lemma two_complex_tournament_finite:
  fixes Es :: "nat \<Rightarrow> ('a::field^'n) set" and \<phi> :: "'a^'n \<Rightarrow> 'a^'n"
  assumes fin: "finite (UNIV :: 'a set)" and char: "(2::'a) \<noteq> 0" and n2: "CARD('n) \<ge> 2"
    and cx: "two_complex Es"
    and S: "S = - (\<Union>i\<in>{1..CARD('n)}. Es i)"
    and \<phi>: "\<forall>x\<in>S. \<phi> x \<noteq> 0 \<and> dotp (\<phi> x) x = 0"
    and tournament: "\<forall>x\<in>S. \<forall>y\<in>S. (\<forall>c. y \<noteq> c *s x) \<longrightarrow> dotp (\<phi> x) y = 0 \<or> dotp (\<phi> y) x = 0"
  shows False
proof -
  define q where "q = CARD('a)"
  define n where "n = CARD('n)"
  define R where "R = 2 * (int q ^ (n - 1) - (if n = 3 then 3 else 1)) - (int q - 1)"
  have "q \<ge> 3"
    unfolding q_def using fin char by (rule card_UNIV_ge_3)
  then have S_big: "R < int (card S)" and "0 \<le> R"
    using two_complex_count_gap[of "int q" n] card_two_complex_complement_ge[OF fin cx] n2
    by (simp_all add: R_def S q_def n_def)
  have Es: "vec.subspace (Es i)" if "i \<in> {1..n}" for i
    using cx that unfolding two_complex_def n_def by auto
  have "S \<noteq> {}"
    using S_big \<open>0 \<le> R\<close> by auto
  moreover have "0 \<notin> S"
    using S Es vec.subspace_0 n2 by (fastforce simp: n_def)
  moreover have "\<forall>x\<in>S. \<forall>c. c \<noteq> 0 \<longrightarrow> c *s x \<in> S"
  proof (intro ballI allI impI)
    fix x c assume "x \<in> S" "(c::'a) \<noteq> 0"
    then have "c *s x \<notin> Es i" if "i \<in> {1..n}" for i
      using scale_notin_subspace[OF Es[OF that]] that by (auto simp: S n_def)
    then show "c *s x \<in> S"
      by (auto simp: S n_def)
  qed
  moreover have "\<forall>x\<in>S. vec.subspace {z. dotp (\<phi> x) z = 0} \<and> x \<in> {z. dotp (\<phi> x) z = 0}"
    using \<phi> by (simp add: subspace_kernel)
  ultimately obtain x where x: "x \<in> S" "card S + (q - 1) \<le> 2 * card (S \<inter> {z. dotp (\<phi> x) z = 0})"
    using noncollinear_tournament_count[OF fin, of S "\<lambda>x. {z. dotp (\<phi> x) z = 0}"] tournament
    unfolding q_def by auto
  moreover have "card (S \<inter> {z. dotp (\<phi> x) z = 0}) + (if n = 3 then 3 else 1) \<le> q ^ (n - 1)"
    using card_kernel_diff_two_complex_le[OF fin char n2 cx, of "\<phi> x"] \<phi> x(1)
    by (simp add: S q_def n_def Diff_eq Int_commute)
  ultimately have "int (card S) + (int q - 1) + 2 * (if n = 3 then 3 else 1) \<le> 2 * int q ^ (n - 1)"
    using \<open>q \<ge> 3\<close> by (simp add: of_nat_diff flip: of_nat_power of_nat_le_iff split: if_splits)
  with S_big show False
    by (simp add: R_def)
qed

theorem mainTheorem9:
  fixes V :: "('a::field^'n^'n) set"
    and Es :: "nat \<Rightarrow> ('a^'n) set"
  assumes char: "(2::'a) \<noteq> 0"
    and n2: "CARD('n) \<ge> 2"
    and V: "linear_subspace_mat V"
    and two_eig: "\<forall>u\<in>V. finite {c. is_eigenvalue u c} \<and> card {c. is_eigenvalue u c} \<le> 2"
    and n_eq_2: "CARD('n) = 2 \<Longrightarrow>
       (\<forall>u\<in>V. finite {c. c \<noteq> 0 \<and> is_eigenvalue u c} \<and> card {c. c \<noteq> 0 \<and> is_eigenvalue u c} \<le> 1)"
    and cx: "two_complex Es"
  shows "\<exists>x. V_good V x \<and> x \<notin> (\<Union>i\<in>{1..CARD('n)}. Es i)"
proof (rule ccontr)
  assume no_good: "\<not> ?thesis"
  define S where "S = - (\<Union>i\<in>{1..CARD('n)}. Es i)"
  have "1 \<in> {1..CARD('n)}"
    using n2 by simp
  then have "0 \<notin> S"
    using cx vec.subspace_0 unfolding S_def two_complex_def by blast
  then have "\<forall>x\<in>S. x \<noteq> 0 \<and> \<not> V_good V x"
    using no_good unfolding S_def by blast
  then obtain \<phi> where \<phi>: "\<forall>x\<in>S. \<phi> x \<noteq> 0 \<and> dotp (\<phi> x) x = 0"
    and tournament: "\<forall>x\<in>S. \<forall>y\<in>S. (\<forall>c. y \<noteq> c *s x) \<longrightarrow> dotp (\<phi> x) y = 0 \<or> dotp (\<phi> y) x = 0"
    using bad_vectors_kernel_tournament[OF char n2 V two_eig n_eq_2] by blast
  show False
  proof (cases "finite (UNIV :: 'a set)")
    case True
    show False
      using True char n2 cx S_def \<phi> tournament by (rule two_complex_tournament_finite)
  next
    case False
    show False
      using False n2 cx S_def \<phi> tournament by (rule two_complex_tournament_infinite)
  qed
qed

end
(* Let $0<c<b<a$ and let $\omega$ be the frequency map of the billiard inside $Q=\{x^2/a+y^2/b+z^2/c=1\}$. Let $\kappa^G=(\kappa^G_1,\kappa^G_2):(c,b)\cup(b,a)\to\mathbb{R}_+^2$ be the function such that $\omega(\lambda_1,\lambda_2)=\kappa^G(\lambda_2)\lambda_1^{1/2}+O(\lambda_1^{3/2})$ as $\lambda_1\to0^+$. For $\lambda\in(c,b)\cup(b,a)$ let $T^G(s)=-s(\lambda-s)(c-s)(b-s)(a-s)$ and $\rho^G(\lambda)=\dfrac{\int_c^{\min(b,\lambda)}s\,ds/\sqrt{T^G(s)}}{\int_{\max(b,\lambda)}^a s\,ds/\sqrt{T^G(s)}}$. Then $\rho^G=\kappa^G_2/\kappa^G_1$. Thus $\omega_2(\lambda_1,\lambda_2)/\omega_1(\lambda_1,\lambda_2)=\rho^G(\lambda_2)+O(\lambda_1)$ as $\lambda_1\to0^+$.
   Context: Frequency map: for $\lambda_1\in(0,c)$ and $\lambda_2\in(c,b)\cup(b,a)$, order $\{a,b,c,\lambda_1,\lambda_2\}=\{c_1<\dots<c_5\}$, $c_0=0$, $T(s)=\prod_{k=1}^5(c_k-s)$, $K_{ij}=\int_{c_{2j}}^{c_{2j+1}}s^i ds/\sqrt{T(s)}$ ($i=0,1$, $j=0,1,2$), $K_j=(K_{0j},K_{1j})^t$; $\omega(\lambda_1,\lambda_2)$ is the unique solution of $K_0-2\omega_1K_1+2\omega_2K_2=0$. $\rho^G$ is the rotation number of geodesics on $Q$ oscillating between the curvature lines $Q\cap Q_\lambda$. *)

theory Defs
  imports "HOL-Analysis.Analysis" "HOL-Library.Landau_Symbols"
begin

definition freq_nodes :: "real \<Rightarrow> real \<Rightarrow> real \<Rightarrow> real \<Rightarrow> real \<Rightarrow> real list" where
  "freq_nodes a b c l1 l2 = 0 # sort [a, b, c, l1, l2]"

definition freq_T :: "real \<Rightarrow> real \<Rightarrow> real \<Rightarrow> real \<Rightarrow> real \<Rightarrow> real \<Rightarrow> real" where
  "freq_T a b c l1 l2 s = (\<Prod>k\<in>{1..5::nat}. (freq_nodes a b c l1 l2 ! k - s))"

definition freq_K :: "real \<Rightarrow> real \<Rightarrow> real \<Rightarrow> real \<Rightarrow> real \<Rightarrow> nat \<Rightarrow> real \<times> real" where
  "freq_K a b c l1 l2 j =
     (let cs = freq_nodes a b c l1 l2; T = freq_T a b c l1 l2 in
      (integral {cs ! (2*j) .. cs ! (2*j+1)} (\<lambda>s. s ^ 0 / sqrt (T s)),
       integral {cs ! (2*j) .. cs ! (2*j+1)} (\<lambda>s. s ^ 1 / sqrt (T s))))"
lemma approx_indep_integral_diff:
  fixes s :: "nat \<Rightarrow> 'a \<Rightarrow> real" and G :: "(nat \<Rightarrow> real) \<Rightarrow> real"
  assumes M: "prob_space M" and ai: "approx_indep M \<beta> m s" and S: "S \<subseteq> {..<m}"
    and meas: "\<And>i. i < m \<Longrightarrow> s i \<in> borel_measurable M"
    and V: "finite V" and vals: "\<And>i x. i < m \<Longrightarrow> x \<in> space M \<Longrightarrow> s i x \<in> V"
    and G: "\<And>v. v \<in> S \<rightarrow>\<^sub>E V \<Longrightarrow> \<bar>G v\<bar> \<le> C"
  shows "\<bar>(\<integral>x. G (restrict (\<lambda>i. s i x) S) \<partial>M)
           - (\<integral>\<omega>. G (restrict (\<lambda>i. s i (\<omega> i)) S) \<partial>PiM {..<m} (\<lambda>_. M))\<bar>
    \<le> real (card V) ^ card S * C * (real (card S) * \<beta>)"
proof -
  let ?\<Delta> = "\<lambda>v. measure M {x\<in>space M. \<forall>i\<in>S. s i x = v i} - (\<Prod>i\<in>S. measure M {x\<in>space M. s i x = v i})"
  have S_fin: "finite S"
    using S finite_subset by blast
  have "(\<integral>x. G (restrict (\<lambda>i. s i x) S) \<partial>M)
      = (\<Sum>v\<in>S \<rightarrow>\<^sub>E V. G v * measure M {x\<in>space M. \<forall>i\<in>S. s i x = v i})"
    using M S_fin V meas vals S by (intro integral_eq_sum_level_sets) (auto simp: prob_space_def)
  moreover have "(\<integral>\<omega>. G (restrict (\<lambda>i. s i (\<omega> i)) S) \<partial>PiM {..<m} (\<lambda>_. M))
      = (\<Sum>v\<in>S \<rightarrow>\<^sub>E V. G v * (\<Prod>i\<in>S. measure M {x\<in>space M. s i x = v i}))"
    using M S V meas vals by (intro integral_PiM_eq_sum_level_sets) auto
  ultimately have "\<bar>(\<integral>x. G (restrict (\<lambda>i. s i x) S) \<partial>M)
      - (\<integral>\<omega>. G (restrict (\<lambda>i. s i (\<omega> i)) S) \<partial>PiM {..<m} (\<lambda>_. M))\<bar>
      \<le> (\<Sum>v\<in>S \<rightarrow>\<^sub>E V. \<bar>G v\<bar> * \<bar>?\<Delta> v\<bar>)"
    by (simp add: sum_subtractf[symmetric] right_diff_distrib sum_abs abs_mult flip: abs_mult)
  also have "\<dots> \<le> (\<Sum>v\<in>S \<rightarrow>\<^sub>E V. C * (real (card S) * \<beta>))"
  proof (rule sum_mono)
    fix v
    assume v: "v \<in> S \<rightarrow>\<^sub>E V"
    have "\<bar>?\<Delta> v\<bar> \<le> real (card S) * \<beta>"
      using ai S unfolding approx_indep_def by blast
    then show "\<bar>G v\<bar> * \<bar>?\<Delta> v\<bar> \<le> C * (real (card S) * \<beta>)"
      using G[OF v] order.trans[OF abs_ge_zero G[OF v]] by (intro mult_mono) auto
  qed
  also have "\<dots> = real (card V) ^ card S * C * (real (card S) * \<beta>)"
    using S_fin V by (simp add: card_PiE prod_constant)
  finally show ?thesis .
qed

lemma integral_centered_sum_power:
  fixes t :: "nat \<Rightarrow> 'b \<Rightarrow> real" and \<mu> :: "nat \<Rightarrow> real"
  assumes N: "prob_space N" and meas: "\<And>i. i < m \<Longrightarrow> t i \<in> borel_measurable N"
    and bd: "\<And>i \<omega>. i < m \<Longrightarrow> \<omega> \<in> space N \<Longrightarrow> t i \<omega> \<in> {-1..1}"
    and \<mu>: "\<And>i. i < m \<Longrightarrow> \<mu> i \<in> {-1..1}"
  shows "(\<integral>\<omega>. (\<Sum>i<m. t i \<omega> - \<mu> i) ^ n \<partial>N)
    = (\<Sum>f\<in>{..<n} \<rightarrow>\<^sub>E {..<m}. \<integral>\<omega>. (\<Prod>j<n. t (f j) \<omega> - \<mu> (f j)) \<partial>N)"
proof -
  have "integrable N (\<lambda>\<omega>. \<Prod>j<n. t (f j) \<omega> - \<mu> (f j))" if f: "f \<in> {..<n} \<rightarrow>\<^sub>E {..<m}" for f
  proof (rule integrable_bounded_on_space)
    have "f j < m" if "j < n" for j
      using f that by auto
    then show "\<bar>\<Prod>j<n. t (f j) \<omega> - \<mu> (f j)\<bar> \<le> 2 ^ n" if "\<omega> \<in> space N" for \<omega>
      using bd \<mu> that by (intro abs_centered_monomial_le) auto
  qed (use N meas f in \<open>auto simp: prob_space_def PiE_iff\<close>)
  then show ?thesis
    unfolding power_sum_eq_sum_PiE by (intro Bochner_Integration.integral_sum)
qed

** ASSIGNED TASK **
Search the entries for the word "dots", then list each line that holds it.

** SOLUTION TO THIS TASK **
   Context: Frequency map: for $\lambda_1\in(0,c)$ and $\lambda_2\in(c,b)\cup(b,a)$, order $\{a,b,c,\lambda_1,\lambda_2\}=\{c_1<\dots<c_5\}$, $c_0=0$, $T(s)=\prod_{k=1}^5(c_k-s)$, $K_{ij}=\int_{c_{2j}}^{c_{2j+1}}s^i ds/\sqrt{T(s)}$ ($i=0,1$, $j=0,1,2$), $K_j=(K_{0j},K_{1j})^t$; $\omega(\lambda_1,\lambda_2)$ is the unique solution of $K_0-2\omega_1K_1+2\omega_2K_2=0$. $\rho^G$ is the rotation number of geodesics on $Q$ oscillating between the curvature lines $Q\cap Q_\lambda$. *)
  also have "\<dots> \<le> (\<Sum>v\<in>S \<rightarrow>\<^sub>E V. C * (real (card S) * \<beta>))"
  also have "\<dots> = real (card V) ^ card S * C * (real (card S) * \<beta>)"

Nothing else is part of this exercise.